_THE PROBLEM_: The full set of entries below must be returned exactly as shown.

━━━ THE INPUT

subsection \<open>Right multiplication by a constant\<close>

lemma skew_mult_xn_minus_const:
  assumes "0 < n" and "b \<noteq> 0"
  shows "skew_mult \<theta> (xn_minus n a) [:b:]
       = Polynomial.smult ((\<theta> ^^ n) b) (xn_minus n (a * b * (\<theta> ^^ n) (inverse b)))"
  using funpow_hom_inverse_cancel[OF assms(2), of n] assms
  by (intro poly_eqI) (auto simp: coeff_skew_mult_const_right coeff_xn_minus algebra_simps)

lemma skew_right_dvd_xn_minus_mult_const:
  assumes "0 < n" and "b \<noteq> 0" and "xn_minus n a = skew_mult \<theta> h g"
  shows "skew_right_dvd \<theta> (skew_mult \<theta> g [:b:]) (xn_minus n (a * b * (\<theta> ^^ n) (inverse b)))"
proof -
  let ?c = "(\<theta> ^^ n) b"
  have "skew_mult \<theta> (Polynomial.smult (inverse ?c) h) (skew_mult \<theta> g [:b:])
      = Polynomial.smult (inverse ?c) (skew_mult \<theta> (xn_minus n a) [:b:])"
    by (simp add: assms(3) skew_mult_smult_left skew_mult_assoc_const_right)
  also have "\<dots> = xn_minus n (a * b * (\<theta> ^^ n) (inverse b))"
    using funpow_hom_nonzero[OF assms(2)] by (simp add: skew_mult_xn_minus_const[OF assms(1,2)])
  finally show ?thesis
    unfolding skew_right_dvd_def by metis
qed

lemma skew_rem_mult_const_right:
  assumes n: "0 < n" and b: "b \<noteq> 0"
  shows "skew_rem \<theta> n (a * b * (\<theta> ^^ n) (inverse b)) (skew_mult \<theta> f [:b:])
       = skew_mult \<theta> (skew_rem \<theta> n a f) [:b:]"
proof -
  obtain r q where rq: "degree r < n" "f = r + skew_mult \<theta> q (xn_minus n a)"
    using skew_division_exists[OF n] by blast
  then have "skew_mult \<theta> f [:b:] = skew_mult \<theta> r [:b:]
      + skew_mult \<theta> (skew_mult \<theta> q [:(\<theta> ^^ n) b:]) (xn_minus n (a * b * (\<theta> ^^ n) (inverse b)))"
    by (simp add: skew_mult_add_left skew_mult_assoc_const_right skew_mult_xn_minus_const[OF n b]
        skew_mult_assoc_const_middle)
  moreover have "degree (skew_mult \<theta> r [:b:]) < n"
    using degree_skew_mult_const_right[of r b] rq(1) by simp
  ultimately show ?thesis
    using skew_rem_eqI[OF n] rq by metis
qed

lemma skew_mat_const:
  assumes "0 < n" and "j < n" and "l < n"
  shows "skew_mat \<theta> n e [:b:] $$ (j, l) = (if j = l then (\<theta> ^^ j) b else 0)"
proof -
  have "degree (monom ((\<theta> ^^ j) b) j) < n"
    using degree_monom_le[of "(\<theta> ^^ j) b" j] assms(2) by linarith
  then show ?thesis
    using assms by (simp add: index_skew_mat skew_mult_monom_const skew_rem_small coeff_monom)
qed

lemma skew_mat_mult_const_right:
  fixes a b :: 'a
  assumes n: "0 < n" and b: "b \<noteq> 0"
  defines "ahat \<equiv> a * b * (\<theta> ^^ n) (inverse b)"
  shows "skew_mat \<theta> n ahat (skew_mult \<theta> g [:b:]) = skew_mat \<theta> n a g * skew_mat \<theta> n ahat [:b:]"
proof (rule eq_matI)
  fix i l assume "i < dim_row (skew_mat \<theta> n a g * skew_mat \<theta> n ahat [:b:])"
    and "l < dim_col (skew_mat \<theta> n a g * skew_mat \<theta> n ahat [:b:])"
  then have i: "i < n" and l: "l < n"
    by simp_all
  have "(skew_mat \<theta> n a g * skew_mat \<theta> n ahat [:b:]) $$ (i, l)
      = (\<Sum>j = 0..<n. skew_mat \<theta> n a g $$ (i, j) * skew_mat \<theta> n ahat [:b:] $$ (j, l))"
    using i l by (simp add: scalar_prod_def)
  also have "\<dots> = (\<Sum>j = 0..<n. if j = l then skew_mat \<theta> n a g $$ (i, l) * (\<theta> ^^ l) b else 0)"
    using l by (intro sum.cong) (auto simp: skew_mat_const[OF n])
  also have "\<dots> = coeff (skew_rem \<theta> n a (skew_mult \<theta> (monom 1 i) g)) l * (\<theta> ^^ l) b"
    using i l by (simp add: index_skew_mat)
  also have "\<dots> = skew_mat \<theta> n ahat (skew_mult \<theta> g [:b:]) $$ (i, l)"
    using i l by (simp add: index_skew_mat ahat_def skew_mult_assoc_const_right[symmetric]
        skew_rem_mult_const_right[OF n b] coeff_skew_mult_const_right)
  finally show "skew_mat \<theta> n ahat (skew_mult \<theta> g [:b:]) $$ (i, l)
      = (skew_mat \<theta> n a g * skew_mat \<theta> n ahat [:b:]) $$ (i, l)" ..
qed simp_all

end

lemma field_aut_field_endo: "field_aut \<theta> \<Longrightarrow> field_endo \<theta>"
proof -
  assume "field_aut \<theta>"
  then have add: "\<And>x y. \<theta> (x + y) = \<theta> x + \<theta> y" and mult: "\<And>x y. \<theta> (x * y) = \<theta> x * \<theta> y"
    and "inj \<theta>"
    by (auto simp: field_aut_def bij_def)
  have "\<theta> 0 + \<theta> 0 = \<theta> 0 + 0"
    using add[of 0 0] by simp
  then have "\<theta> 0 = 0"
    by (rule add_left_imp_eq)
  with \<open>inj \<theta>\<close> have "\<theta> 1 \<noteq> 0"
    by (metis injD one_neq_zero)
  with mult[of 1 1] have "\<theta> 1 = 1"
    by simp
  with add mult show ?thesis
    by unfold_locales
qed

subsection \<open>Coordinate scaling of codes\<close>

definition scale_coords :: "nat \<Rightarrow> (nat \<Rightarrow> 'a::field) \<Rightarrow> 'a vec \<Rightarrow> 'a vec" where
  "scale_coords n d u = vec n (\<lambda>i. d i * u $ i)"

context
  fixes n :: nat and d :: "nat \<Rightarrow> 'a::field"
  assumes nonzero: "\<forall>i<n. d i \<noteq> 0"
begin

━━━━━━

_SOLUTION BELOW_:
subsection \<open>Right multiplication by a constant\<close>

lemma skew_mult_xn_minus_const:
  assumes "0 < n" and "b \<noteq> 0"
  shows "skew_mult \<theta> (xn_minus n a) [:b:]
       = Polynomial.smult ((\<theta> ^^ n) b) (xn_minus n (a * b * (\<theta> ^^ n) (inverse b)))"
  using funpow_hom_inverse_cancel[OF assms(2), of n] assms
  by (intro poly_eqI) (auto simp: coeff_skew_mult_const_right coeff_xn_minus algebra_simps)

lemma skew_right_dvd_xn_minus_mult_const:
  assumes "0 < n" and "b \<noteq> 0" and "xn_minus n a = skew_mult \<theta> h g"
  shows "skew_right_dvd \<theta> (skew_mult \<theta> g [:b:]) (xn_minus n (a * b * (\<theta> ^^ n) (inverse b)))"
proof -
  let ?c = "(\<theta> ^^ n) b"
  have "skew_mult \<theta> (Polynomial.smult (inverse ?c) h) (skew_mult \<theta> g [:b:])
      = Polynomial.smult (inverse ?c) (skew_mult \<theta> (xn_minus n a) [:b:])"
    by (simp add: assms(3) skew_mult_smult_left skew_mult_assoc_const_right)
  also have "\<dots> = xn_minus n (a * b * (\<theta> ^^ n) (inverse b))"
    using funpow_hom_nonzero[OF assms(2)] by (simp add: skew_mult_xn_minus_const[OF assms(1,2)])
  finally show ?thesis
    unfolding skew_right_dvd_def by metis
qed

lemma skew_rem_mult_const_right:
  assumes n: "0 < n" and b: "b \<noteq> 0"
  shows "skew_rem \<theta> n (a * b * (\<theta> ^^ n) (inverse b)) (skew_mult \<theta> f [:b:])
       = skew_mult \<theta> (skew_rem \<theta> n a f) [:b:]"
proof -
  obtain r q where rq: "degree r < n" "f = r + skew_mult \<theta> q (xn_minus n a)"
    using skew_division_exists[OF n] by blast
  then have "skew_mult \<theta> f [:b:] = skew_mult \<theta> r [:b:]
      + skew_mult \<theta> (skew_mult \<theta> q [:(\<theta> ^^ n) b:]) (xn_minus n (a * b * (\<theta> ^^ n) (inverse b)))"
    by (simp add: skew_mult_add_left skew_mult_assoc_const_right skew_mult_xn_minus_const[OF n b]
        skew_mult_assoc_const_middle)
  moreover have "degree (skew_mult \<theta> r [:b:]) < n"
    using degree_skew_mult_const_right[of r b] rq(1) by simp
  ultimately show ?thesis
    using skew_rem_eqI[OF n] rq by metis
qed

lemma skew_mat_const:
  assumes "0 < n" and "j < n" and "l < n"
  shows "skew_mat \<theta> n e [:b:] $$ (j, l) = (if j = l then (\<theta> ^^ j) b else 0)"
proof -
  have "degree (monom ((\<theta> ^^ j) b) j) < n"
    using degree_monom_le[of "(\<theta> ^^ j) b" j] assms(2) by linarith
  then show ?thesis
    using assms by (simp add: index_skew_mat skew_mult_monom_const skew_rem_small coeff_monom)
qed

lemma skew_mat_mult_const_right:
  fixes a b :: 'a
  assumes n: "0 < n" and b: "b \<noteq> 0"
  defines "ahat \<equiv> a * b * (\<theta> ^^ n) (inverse b)"
  shows "skew_mat \<theta> n ahat (skew_mult \<theta> g [:b:]) = skew_mat \<theta> n a g * skew_mat \<theta> n ahat [:b:]"
proof (rule eq_matI)
  fix i l assume "i < dim_row (skew_mat \<theta> n a g * skew_mat \<theta> n ahat [:b:])"
    and "l < dim_col (skew_mat \<theta> n a g * skew_mat \<theta> n ahat [:b:])"
  then have i: "i < n" and l: "l < n"
    by simp_all
  have "(skew_mat \<theta> n a g * skew_mat \<theta> n ahat [:b:]) $$ (i, l)
      = (\<Sum>j = 0..<n. skew_mat \<theta> n a g $$ (i, j) * skew_mat \<theta> n ahat [:b:] $$ (j, l))"
    using i l by (simp add: scalar_prod_def)
  also have "\<dots> = (\<Sum>j = 0..<n. if j = l then skew_mat \<theta> n a g $$ (i, l) * (\<theta> ^^ l) b else 0)"
    using l by (intro sum.cong) (auto simp: skew_mat_const[OF n])
  also have "\<dots> = coeff (skew_rem \<theta> n a (skew_mult \<theta> (monom 1 i) g)) l * (\<theta> ^^ l) b"
    using i l by (simp add: index_skew_mat)
  also have "\<dots> = skew_mat \<theta> n ahat (skew_mult \<theta> g [:b:]) $$ (i, l)"
    using i l by (simp add: index_skew_mat ahat_def skew_mult_assoc_const_right[symmetric]
        skew_rem_mult_const_right[OF n b] coeff_skew_mult_const_right)
  finally show "skew_mat \<theta> n ahat (skew_mult \<theta> g [:b:]) $$ (i, l)
      = (skew_mat \<theta> n a g * skew_mat \<theta> n ahat [:b:]) $$ (i, l)" ..
qed simp_all

end

lemma field_aut_field_endo: "field_aut \<theta> \<Longrightarrow> field_endo \<theta>"
proof -
  assume "field_aut \<theta>"
  then have add: "\<And>x y. \<theta> (x + y) = \<theta> x + \<theta> y" and mult: "\<And>x y. \<theta> (x * y) = \<theta> x * \<theta> y"
    and "inj \<theta>"
    by (auto simp: field_aut_def bij_def)
  have "\<theta> 0 + \<theta> 0 = \<theta> 0 + 0"
    using add[of 0 0] by simp
  then have "\<theta> 0 = 0"
    by (rule add_left_imp_eq)
  with \<open>inj \<theta>\<close> have "\<theta> 1 \<noteq> 0"
    by (metis injD one_neq_zero)
  with mult[of 1 1] have "\<theta> 1 = 1"
    by simp
  with add mult show ?thesis
    by unfold_locales
qed

subsection \<open>Coordinate scaling of codes\<close>

definition scale_coords :: "nat \<Rightarrow> (nat \<Rightarrow> 'a::field) \<Rightarrow> 'a vec \<Rightarrow> 'a vec" where
  "scale_coords n d u = vec n (\<lambda>i. d i * u $ i)"

context
  fixes n :: nat and d :: "nat \<Rightarrow> 'a::field"
  assumes nonzero: "\<forall>i<n. d i \<noteq> 0"
begin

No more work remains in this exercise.